[Stored data entries]
::::

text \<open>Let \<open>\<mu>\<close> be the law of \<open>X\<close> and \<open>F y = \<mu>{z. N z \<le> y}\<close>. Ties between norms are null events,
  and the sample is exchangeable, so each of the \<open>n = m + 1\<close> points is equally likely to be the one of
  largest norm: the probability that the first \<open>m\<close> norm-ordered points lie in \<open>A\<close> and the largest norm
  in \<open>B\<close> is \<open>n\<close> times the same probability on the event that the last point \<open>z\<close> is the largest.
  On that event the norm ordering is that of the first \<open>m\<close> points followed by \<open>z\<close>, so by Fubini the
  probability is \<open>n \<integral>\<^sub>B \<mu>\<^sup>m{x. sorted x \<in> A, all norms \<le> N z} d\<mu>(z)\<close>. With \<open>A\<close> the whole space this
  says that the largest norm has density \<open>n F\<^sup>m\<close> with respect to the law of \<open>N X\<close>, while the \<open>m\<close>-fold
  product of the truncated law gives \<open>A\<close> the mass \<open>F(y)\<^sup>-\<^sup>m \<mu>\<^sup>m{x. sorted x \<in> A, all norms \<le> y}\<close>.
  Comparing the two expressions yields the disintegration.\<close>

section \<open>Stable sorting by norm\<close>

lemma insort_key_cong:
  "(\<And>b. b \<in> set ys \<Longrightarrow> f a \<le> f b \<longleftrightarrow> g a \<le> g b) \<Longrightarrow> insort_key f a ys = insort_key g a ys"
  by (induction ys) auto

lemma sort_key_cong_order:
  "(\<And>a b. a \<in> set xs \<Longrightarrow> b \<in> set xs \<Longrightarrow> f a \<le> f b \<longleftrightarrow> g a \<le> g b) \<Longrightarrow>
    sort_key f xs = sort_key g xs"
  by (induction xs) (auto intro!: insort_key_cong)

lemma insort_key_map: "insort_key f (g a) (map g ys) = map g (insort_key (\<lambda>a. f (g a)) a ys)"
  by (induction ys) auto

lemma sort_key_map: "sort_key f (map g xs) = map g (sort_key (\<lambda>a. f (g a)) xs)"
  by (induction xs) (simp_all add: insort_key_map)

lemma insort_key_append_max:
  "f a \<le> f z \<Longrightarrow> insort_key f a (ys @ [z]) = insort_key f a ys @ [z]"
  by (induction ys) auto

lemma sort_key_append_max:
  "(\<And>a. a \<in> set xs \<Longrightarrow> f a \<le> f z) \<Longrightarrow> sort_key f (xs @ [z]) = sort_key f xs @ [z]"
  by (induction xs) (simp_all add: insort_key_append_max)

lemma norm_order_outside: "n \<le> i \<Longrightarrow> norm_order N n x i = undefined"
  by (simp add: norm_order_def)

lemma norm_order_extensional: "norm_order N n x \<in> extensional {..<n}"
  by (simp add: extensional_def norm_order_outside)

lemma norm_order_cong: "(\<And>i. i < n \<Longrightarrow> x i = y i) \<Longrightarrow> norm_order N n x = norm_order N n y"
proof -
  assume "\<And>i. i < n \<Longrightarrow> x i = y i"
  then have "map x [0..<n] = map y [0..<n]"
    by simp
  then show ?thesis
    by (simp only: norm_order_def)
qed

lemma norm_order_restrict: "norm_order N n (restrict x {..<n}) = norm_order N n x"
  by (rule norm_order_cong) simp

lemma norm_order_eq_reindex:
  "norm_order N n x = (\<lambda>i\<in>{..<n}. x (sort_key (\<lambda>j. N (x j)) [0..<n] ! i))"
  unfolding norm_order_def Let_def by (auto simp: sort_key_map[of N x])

::::

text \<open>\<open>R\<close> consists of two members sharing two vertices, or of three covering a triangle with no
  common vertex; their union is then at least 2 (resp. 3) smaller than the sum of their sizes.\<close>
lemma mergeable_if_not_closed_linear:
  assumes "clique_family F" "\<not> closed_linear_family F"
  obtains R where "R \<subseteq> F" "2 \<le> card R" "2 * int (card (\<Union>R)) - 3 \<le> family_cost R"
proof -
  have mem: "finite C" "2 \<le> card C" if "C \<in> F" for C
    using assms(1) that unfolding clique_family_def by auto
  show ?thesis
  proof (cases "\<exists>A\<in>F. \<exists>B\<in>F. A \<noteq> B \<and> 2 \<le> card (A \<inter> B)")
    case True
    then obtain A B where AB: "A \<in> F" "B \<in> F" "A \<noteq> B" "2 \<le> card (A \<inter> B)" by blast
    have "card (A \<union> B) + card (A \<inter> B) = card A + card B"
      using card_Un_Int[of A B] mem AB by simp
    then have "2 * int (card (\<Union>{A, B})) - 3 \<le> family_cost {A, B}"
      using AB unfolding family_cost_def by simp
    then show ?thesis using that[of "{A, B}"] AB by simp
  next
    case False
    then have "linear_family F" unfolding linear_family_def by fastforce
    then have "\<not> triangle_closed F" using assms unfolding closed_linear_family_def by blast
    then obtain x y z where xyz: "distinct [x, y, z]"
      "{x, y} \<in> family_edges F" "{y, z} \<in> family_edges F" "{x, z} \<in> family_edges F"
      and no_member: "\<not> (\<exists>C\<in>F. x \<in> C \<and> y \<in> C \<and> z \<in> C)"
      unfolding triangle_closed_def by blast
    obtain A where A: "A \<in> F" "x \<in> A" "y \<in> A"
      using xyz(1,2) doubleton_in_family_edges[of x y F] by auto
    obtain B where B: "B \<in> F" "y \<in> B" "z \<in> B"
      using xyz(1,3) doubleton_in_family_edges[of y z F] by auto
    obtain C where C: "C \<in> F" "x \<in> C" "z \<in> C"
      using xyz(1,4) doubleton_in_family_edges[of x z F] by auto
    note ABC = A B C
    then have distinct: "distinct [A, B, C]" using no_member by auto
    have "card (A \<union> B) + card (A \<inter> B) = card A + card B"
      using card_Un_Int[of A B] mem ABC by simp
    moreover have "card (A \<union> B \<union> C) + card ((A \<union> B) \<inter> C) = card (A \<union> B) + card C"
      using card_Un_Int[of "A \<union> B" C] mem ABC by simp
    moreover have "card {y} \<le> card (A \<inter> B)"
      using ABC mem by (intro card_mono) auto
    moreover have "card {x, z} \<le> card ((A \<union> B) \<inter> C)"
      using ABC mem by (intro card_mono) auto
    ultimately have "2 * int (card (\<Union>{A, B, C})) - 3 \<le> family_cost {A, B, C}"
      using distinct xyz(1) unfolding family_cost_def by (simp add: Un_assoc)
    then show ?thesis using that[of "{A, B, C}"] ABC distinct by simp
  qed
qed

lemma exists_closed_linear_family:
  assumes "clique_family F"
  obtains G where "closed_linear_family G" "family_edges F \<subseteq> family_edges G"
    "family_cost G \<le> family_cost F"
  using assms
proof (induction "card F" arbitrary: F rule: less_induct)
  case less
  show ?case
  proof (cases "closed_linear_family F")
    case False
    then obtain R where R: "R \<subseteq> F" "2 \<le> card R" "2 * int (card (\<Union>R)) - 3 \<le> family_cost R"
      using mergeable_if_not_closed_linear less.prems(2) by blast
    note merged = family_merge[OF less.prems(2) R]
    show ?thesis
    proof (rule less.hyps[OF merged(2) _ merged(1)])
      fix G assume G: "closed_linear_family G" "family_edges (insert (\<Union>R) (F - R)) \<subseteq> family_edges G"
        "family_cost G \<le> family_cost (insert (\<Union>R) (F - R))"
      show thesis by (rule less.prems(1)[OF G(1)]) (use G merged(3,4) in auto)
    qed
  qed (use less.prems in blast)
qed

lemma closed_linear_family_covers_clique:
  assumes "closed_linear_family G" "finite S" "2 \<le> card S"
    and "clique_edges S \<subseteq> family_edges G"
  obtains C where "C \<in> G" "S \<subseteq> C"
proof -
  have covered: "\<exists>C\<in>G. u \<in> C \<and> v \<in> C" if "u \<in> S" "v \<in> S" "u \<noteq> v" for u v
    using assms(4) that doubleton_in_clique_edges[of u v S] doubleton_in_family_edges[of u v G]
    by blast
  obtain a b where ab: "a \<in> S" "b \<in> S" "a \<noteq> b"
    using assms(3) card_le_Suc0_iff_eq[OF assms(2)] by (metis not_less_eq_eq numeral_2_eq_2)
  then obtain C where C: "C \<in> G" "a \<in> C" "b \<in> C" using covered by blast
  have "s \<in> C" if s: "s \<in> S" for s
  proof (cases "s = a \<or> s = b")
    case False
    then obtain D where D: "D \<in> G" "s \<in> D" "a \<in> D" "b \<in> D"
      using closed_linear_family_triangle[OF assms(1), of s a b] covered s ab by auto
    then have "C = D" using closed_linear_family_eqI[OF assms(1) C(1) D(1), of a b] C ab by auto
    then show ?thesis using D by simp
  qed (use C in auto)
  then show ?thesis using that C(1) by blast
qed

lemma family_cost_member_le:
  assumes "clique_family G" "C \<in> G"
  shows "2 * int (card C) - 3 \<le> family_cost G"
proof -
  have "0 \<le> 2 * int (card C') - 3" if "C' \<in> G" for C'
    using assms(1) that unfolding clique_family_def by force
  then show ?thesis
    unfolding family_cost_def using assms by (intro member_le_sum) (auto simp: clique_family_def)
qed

::::

# Exercise aim
For this exercise, repeat exactly the lines of the data above from the one with "linear_family_def by fastforce" down to the one with "obtain A where", both end lines included.

# Task response
    then have "linear_family F" unfolding linear_family_def by fastforce
    then have "\<not> triangle_closed F" using assms unfolding closed_linear_family_def by blast
    then obtain x y z where xyz: "distinct [x, y, z]"
      "{x, y} \<in> family_edges F" "{y, z} \<in> family_edges F" "{x, z} \<in> family_edges F"
      and no_member: "\<not> (\<exists>C\<in>F. x \<in> C \<and> y \<in> C \<and> z \<in> C)"
      unfolding triangle_closed_def by blast
    obtain A where A: "A \<in> F" "x \<in> A" "y \<in> A"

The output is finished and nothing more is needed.